Anglo African Oil & Gas to become cash shell as it sells bulk of its Congolese interests to Zenith Energy
The company, which is owed money by the Société Nationale des Pétroles du Congo (SNPC), said earlier this month it would not be able to afford to drill the proposed TLP-103C-ST well at the Tilapia field.
It has now entered into a conditional sale and purchase agreement with
Zenith has agreed to pay £1mln for the stake, of which £500,000 is in cash payable in six equal monthly instalments from the date of completion, while £500,000 will be satisfied in Zenith shares.
Also, Zenith will fund Anglo African’s (AAOG’s) share of a US$5.5mln work programme on Tilapia and will fund the upfront cash element of any signature bonus payable for the new licence negotiated with the Congolese Ministry of Hydrocarbons.
AAOG will use the funds to cover its day-to-day operations and to conduct due diligence over reverse takeover transactions that present themselves once the company is an AIM Rule 15 cash shell.
The board has looked at alternative means of funding the exploration programme but the consensus view was that the idea would not fly; the arrangements announced today will see the company retain a carried interest in the Congolese operations without the requirement to raise additional funds for the current planned work programme.
Having said that, the timing of the payments under the terms of the disposal means that AAOG will not have sufficient cash to allow it to continue as a going concern beyond the beginning of February, assuming receipt of the £150,000 owed it by Anglo Tunisian Oil & Gas Limited (of which AAOG has received £50,000 to date with the remainder due to be paid by the end of this month) and no unforeseen claims.
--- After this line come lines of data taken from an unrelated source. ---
(* Let $p$ be an odd prime and let $\mathcal{L}=(L_1,\dots,L_m)$ be a system of linear forms in $d$ variables with coefficients in $\mathbb{F}_p$, written $L_i(x_1,\dots,x_d)=\sum_{r=1}^d\gamma^{(i)}_r x_r$. Suppose that the $d\times d$ matrices $\Gamma^{(i)}=(\gamma^{(i)}_r\gamma^{(i)}_s)_{r,s=1}^d$, $i=1,\dots,m$, are linearly dependent over $\mathbb{F}_p$ (i.e. the quadratic forms $L_i^TL_i$ are linearly dependent). Then there exists $\epsilon>0$ such that for every $\delta>0$ there exist $n$ and a set $A\subset\mathbb{F}_p^n$, of density $\alpha=|A|/p^n$, with the following two properties: (i) the balanced function $f=1_A-\alpha$ satisfies $\|f\|_{U^2}\le\delta$; (ii) if $\mathbf{x}=(x_1,\dots,x_d)$ is chosen uniformly at random from $(\mathbb{F}_p^n)^d$, then the probability that $L_i(\mathbf{x})\in A$ for every $i=1,\dots,m$ is at least $\alpha^m+\epsilon$.
   Context: For $\mathbf{x}=(x_1,\dots,x_d)\in(\mathbb{F}_p^n)^d$, $L_i(\mathbf{x})=\sum_r\gamma^{(i)}_r x_r\in\mathbb{F}_p^n$. For $f:\mathbb{F}_p^n\to\mathbb{C}$, the $U^2$-norm is defined by $\|f\|_{U^2}^4=\mathbb{E}_{x,h_1,h_2\in\mathbb{F}_p^n}f(x)\overline{f(x+h_1)}\,\overline{f(x+h_2)}f(x+h_1+h_2)$, expectations being uniform averages. $1_A$ denotes the characteristic function of $A$. *)

theory Defs
  imports "HOL-Analysis.Analysis"
begin

text \<open>The field F_p is modelled by a finite field type 'a with CARD('a) = p (p prime).
  A vector of F_p^n is a function nat => 'a vanishing outside {..<n}.\<close>

definition vecs :: "nat \<Rightarrow> (nat \<Rightarrow> 'a::zero) set" where
  "vecs n = {x. \<forall>j\<ge>n. x j = 0}"

definition linform :: "nat \<Rightarrow> (nat \<Rightarrow> nat \<Rightarrow> 'a::comm_ring) \<Rightarrow> nat \<Rightarrow> (nat \<Rightarrow> nat \<Rightarrow> 'a) \<Rightarrow> (nat \<Rightarrow> 'a)" where
  "linform d gam i xs = (\<lambda>j. \<Sum>r<d. gam i r * xs r j)"

definition quad_forms_dependent :: "nat \<Rightarrow> nat \<Rightarrow> (nat \<Rightarrow> nat \<Rightarrow> 'a::comm_ring) \<Rightarrow> bool" where
  "quad_forms_dependent m d gam \<longleftrightarrow>
     (\<exists>c :: nat \<Rightarrow> 'a. (\<exists>i<m. c i \<noteq> 0) \<and>
        (\<forall>r<d. \<forall>s<d. (\<Sum>i<m. c i * (gam i r * gam i s)) = 0))"

definition vadd :: "(nat \<Rightarrow> 'a::plus) \<Rightarrow> (nat \<Rightarrow> 'a) \<Rightarrow> (nat \<Rightarrow> 'a)" where
  "vadd x y = (\<lambda>j. x j + y j)"

definition U2_pow4 :: "nat \<Rightarrow> ((nat \<Rightarrow> 'a::{finite,comm_ring}) \<Rightarrow> complex) \<Rightarrow> complex" where
  "U2_pow4 n f = (\<Sum>x\<in>vecs n. \<Sum>h1\<in>vecs n. \<Sum>h2\<in>vecs n.
      f x * cnj (f (vadd x h1)) * cnj (f (vadd x h2)) * f (vadd (vadd x h1) h2)) / of_nat (card (vecs n :: (nat \<Rightarrow> 'a) set) ^ 3)"

definition U2_norm :: "nat \<Rightarrow> ((nat \<Rightarrow> 'a::{finite,comm_ring}) \<Rightarrow> complex) \<Rightarrow> real" where
  "U2_norm n f = root 4 (Re (U2_pow4 n f))"

end

(* The witness is the zero set A of the hyperbolic quadratic form Q(y) = \<Sum>_{j<k} y_{2j} y_{2j+1}
   on F_p^{2k}.  With a nontrivial additive character \<psi>, 1[Q(y) = 0] = p^{-1} \<Sum>_t \<psi>(t Q(y)), so any
   sum over x of a product of functions of Q(L_i(x)) becomes a sum over a \<in> F_p^m of terms
   (p^d |ker \<Sum>_i a_i \<Gamma>^(i)|)^k: the form \<Sum>_i a_i Q(L_i(x)) is bilinear in pairs of coordinates and
   splits over the k hyperbolic pairs.
   For the U2 norm take the forms x, x+h1, x+h2, x+h1+h2; their Gram matrices are independent, so
   every term with a \<noteq> 0 is smaller by a factor p^{-k} than the trivial one and the U2 norm of
   1_A - \<alpha> tends to 0, while \<alpha> tends to 1/p.  For the given system, the p combinations a on the
   line through the linear dependency give maximal terms, so the probability that all L_i(x) lie
   in A is at least p^{1-m}, exceeding \<alpha>^m \<approx> p^{-m} by a margin independent of k since p \<ge> 3. *)

theory Submission
  imports Defs "HOL-Number_Theory.Residues" "HOL-Probability.Product_PMF"
begin

section \<open>Additive characters\<close>

locale additive_character =
  fixes \<psi> :: "'a::{field,finite} \<Rightarrow> complex"
  assumes character_add: "\<psi> (a + b) = \<psi> a * \<psi> b"
    and character_zero [simp]: "\<psi> 0 = 1"
    and character_nontrivial: "\<exists>c. \<psi> c \<noteq> 1"
begin

lemma character_sum: "finite S \<Longrightarrow> \<psi> (\<Sum>i\<in>S. f i) = (\<Prod>i\<in>S. \<psi> (f i))"
  by (induction S rule: finite_induct) (simp_all add: character_add)

text \<open>Translating by \<open>c\<close> with \<open>\<psi> c \<noteq> 1\<close> multiplies the full sum by \<open>\<psi> c\<close>, so it vanishes.\<close>
lemma sum_character_mult: "(\<Sum>t\<in>UNIV. \<psi> (s * t)) = of_nat CARD('a) * of_bool (s = 0)"
proof (cases "s = 0")
  case False
  obtain c where c: "\<psi> c \<noteq> 1" using character_nontrivial by blast
  have "(\<Sum>t\<in>UNIV. \<psi> t) = (\<Sum>t\<in>UNIV. \<psi> (t + c))"
    by (rule sum.reindex_bij_witness[of _ "\<lambda>t. t + c" "\<lambda>t. t - c"]) auto
  also have "\<dots> = \<psi> c * (\<Sum>t\<in>UNIV. \<psi> t)"
    by (simp add: character_add sum_distrib_left mult.commute)
  finally have "(\<Sum>t\<in>UNIV. \<psi> t) = 0"
    using c by (metis mult_cancel_right1 mult.commute)
  moreover have "(\<Sum>t\<in>UNIV. \<psi> (s * t)) = (\<Sum>t\<in>UNIV. \<psi> t)"
    by (rule sum.reindex_bij_witness[of _ "\<lambda>t. t / s" "\<lambda>t. s * t"]) (use False in auto)
  ultimately show ?thesis using False by simp
qed simp

end

lemma CHAR_eq_CARD_if_prime:
  assumes "prime CARD('a::{field,finite})"
  shows "CHAR('a) = CARD('a)"
  using CHAR_dvd_CARD[where 'a='a] CHAR_not_1'[where 'a='a] assms
  by (auto simp: prime_nat_iff)

lemma of_nat_surj_if_prime_card:
  assumes "prime CARD('a::{field,finite})"
  shows "\<exists>j. of_nat j = (a::'a)"
proof -
  have "inj_on (of_nat :: nat \<Rightarrow> 'a) {..<CARD('a)}"
    using of_nat_eq_iff_cong_CHAR[where 'a='a] CHAR_eq_CARD_if_prime[OF assms]
    by (auto simp: inj_on_def cong_def)
  then have "card ((of_nat :: nat \<Rightarrow> 'a) ` {..<CARD('a)}) = CARD('a)"
    by (simp add: card_image)
  then have "(of_nat :: nat \<Rightarrow> 'a) ` {..<CARD('a)} = UNIV"
    by (simp add: card_subset_eq)
  then show ?thesis by (metis UNIV_I imageE)
qed

text \<open>For \<open>p\<close> prime, \<open>\<psi> (of_nat j) = exp (2 \<pi> i j / p)\<close> is well defined.\<close>
lemma additive_character_exists:
  assumes prime: "prime CARD('a::{field,finite})"
  shows "\<exists>\<psi>::'a \<Rightarrow> complex. additive_character \<psi>"
proof -
  define p where "p = CARD('a)"
  have p: "1 \<le> p" "p \<noteq> 1" using prime prime_gt_1_nat p_def by auto
  define e where "e j = exp (2 * of_real pi * \<i> * of_nat j / of_nat p)" for j :: nat
  define \<psi> where "\<psi> a = e (SOME j. of_nat j = a)" for a :: 'a
  have \<psi>_of_nat: "\<psi> (of_nat j) = e j" for j
  proof -
    have "of_nat (SOME k. of_nat k = (of_nat j :: 'a)) = (of_nat j :: 'a)"
      by (rule someI) (rule refl)
    then have "(SOME k. of_nat k = (of_nat j :: 'a)) mod p = j mod p"
      using of_nat_eq_iff_cong_CHAR[where 'a='a] CHAR_eq_CARD_if_prime[OF prime]
      by (simp add: cong_def p_def)
    then show ?thesis
      unfolding \<psi>_def e_def using complex_root_unity_eq[OF p(1)] by blast
  qed
  have e_add: "e (j + k) = e j * e k" for j k
    unfolding e_def by (simp add: distrib_left add_divide_distrib exp_add)
  have "additive_character \<psi>"
  proof
    fix a b :: 'a
    obtain j k where "a = of_nat j" "b = of_nat k"
      using of_nat_surj_if_prime_card[OF prime] by metis
    then show "\<psi> (a + b) = \<psi> a * \<psi> b"
      by (metis \<psi>_of_nat e_add of_nat_add)
  next
    show "\<psi> 0 = 1" using \<psi>_of_nat[of 0] by (simp add: e_def)
  next
    have "\<psi> 1 \<noteq> 1"
      using \<psi>_of_nat[of 1] complex_root_unity_eq_1[OF p(1), of 1] p(2)
      by (simp add: e_def)
    then show "\<exists>c. \<psi> c \<noteq> 1" by blast
  qed
  then show ?thesis by blast
qed

section \<open>Bilinear forms and their left kernels\<close>

definition bilinear_form :: "nat set \<Rightarrow> (nat \<Rightarrow> nat \<Rightarrow> 'a::comm_ring) \<Rightarrow> (nat \<Rightarrow> 'a) \<Rightarrow> (nat \<Rightarrow> 'a) \<Rightarrow> 'a" where
  "bilinear_form I M u v = (\<Sum>r\<in>I. \<Sum>s\<in>I. M r s * u r * v s)"

definition left_kernel :: "nat set \<Rightarrow> (nat \<Rightarrow> nat \<Rightarrow> 'a::comm_ring) \<Rightarrow> (nat \<Rightarrow> 'a) set" where
  "left_kernel I M = {u \<in> PiE I (\<lambda>_. UNIV). \<forall>s\<in>I. (\<Sum>r\<in>I. u r * M r s) = 0}"

lemma bilinear_form_eq_sum_left: "bilinear_form I M u v = (\<Sum>s\<in>I. (\<Sum>r\<in>I. u r * M r s) * v s)"
  unfolding bilinear_form_def
  by (subst sum.swap) (simp add: sum_distrib_left sum_distrib_right mult_ac)

lemma prod_of_bool: "finite I \<Longrightarrow> (\<Prod>i\<in>I. of_bool (P i)) = (of_bool (\<forall>i\<in>I. P i) :: 'b::comm_semiring_1)"
  by (induction I rule: finite_induct) auto

context additive_character
begin

lemma sum_character_bilinear_form:
  assumes "finite I"
  shows "(\<Sum>u\<in>PiE I (\<lambda>_. UNIV). \<Sum>v\<in>PiE I (\<lambda>_. UNIV). \<psi> (bilinear_form I M u v))
     = of_nat (CARD('a) ^ card I * card (left_kernel I M))"
proof -
  have inner: "(\<Sum>v\<in>PiE I (\<lambda>_. UNIV). \<psi> (bilinear_form I M u v))
     = of_nat (CARD('a) ^ card I) * of_bool (u \<in> left_kernel I M)" if u: "u \<in> PiE I (\<lambda>_. UNIV)" for u
  proof -
    have "(\<Sum>v\<in>PiE I (\<lambda>_. UNIV). \<psi> (bilinear_form I M u v))
        = (\<Sum>v\<in>PiE I (\<lambda>_. UNIV). \<Prod>s\<in>I. \<psi> ((\<Sum>r\<in>I. u r * M r s) * v s))"
      by (simp add: bilinear_form_eq_sum_left character_sum[OF assms])
    also have "\<dots> = (\<Prod>s\<in>I. \<Sum>t\<in>UNIV. \<psi> ((\<Sum>r\<in>I. u r * M r s) * t))"
      by (rule prod_sum_PiE[symmetric]) (use assms in auto)
    also have "\<dots> = of_nat (CARD('a) ^ card I) * of_bool (u \<in> left_kernel I M)"
      using u by (simp add: sum_character_mult prod.distrib prod_of_bool[OF assms] left_kernel_def)
    finally show ?thesis .
  qed
  have "left_kernel I M \<subseteq> PiE I (\<lambda>_. UNIV)"
    by (auto simp: left_kernel_def)
  then show ?thesis
    using assms by (simp add: inner sum_distrib_left[symmetric] Int_absorb1 finite_PiE flip: Int_def)
qed

end

lemma card_left_kernel_zero:
  assumes "finite I" "\<forall>r\<in>I. \<forall>s\<in>I. M r s = 0"
  shows "card (left_kernel I (M :: nat \<Rightarrow> nat \<Rightarrow> 'a::{field,finite})) = CARD('a) ^ card I"
  using assms by (simp add: left_kernel_def card_PiE)

text \<open>A nonzero entry \<open>M r\<^sub>0 s\<^sub>0\<close> lets column \<open>s\<^sub>0\<close> determine \<open>u r\<^sub>0\<close> from the other coordinates.\<close>
lemma card_left_kernel_le:
  assumes fin: "finite I" and r0: "r0 \<in> I" and s0: "s0 \<in> I" and nz: "M r0 s0 \<noteq> 0"
  shows "card (left_kernel I (M :: nat \<Rightarrow> nat \<Rightarrow> 'a::{field,finite})) \<le> CARD('a) ^ (card I - 1)"
proof -
  have inj: "inj_on (\<lambda>u. restrict u (I - {r0})) (left_kernel I M)"
  proof (rule inj_onI)
    fix u u' assume u: "u \<in> left_kernel I M" and u': "u' \<in> left_kernel I M"
      and eq: "restrict u (I - {r0}) = restrict u' (I - {r0})"
    have off: "u r = u' r" if "r \<in> I - {r0}" for r
      using fun_cong[OF eq, of r] that by simp
    have split: "(\<Sum>r\<in>I. w r * M r s0) = w r0 * M r0 s0 + (\<Sum>r\<in>I - {r0}. w r * M r s0)" for w
      using fin r0 by (rule sum.remove)
    have "u r0 * M r0 s0 + (\<Sum>r\<in>I - {r0}. u r * M r s0) = u' r0 * M r0 s0 + (\<Sum>r\<in>I - {r0}. u' r * M r s0)"
      using u u' s0 by (simp add: left_kernel_def flip: split)
    moreover have "(\<Sum>r\<in>I - {r0}. u r * M r s0) = (\<Sum>r\<in>I - {r0}. u' r * M r s0)"
      using off by (intro sum.cong) auto
    ultimately have "u r0 = u' r0" using nz by simp
    with off u u' show "u = u'"
      by (auto simp: left_kernel_def fun_eq_iff PiE_iff extensional_def) metis
  qed
  moreover have "(\<lambda>u. restrict u (I - {r0})) ` left_kernel I M \<subseteq> PiE (I - {r0}) (\<lambda>_. UNIV)"
    by (intro image_subsetI, subst restrict_PiE_iff) simp
  ultimately have "card (left_kernel I M) \<le> card (PiE (I - {r0}) (\<lambda>_. UNIV :: 'a set))"
    using fin by (intro card_inj_on_le) (auto intro: finite_PiE)
  also have "\<dots> = CARD('a) ^ (card I - 1)"
    using fin r0 by (simp add: card_PiE)
  finally show ?thesis .
qed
As such, the company is proposing to enter into a facility with corporate-financier RiverFort for a redeemable convertible loan note of up to £500,000.
The first tranche of £250,000 would be available immediately on issue of the loan note with the remaining £250,000 doled out in five equal tranches of £50,000 over the following five months.
It is also proposed that RiverFort amend the terms of the existing investor sharing agreement to rebase the reference price to more closely reflect the current share price and the proceeds due to the company from the exploration and production sharing agreement will be used to repay the loan note.
“The board emphasises that, at present, it is managing its creditor position and with the receipt of the RiverFort monies contemplated in the term sheet described above, and subject to completion of the disposal and receipt of the consideration, the company will have sufficient working capital for at least the next six months from the date the RiverFort financing becomes effective,” AAOG told shareholders.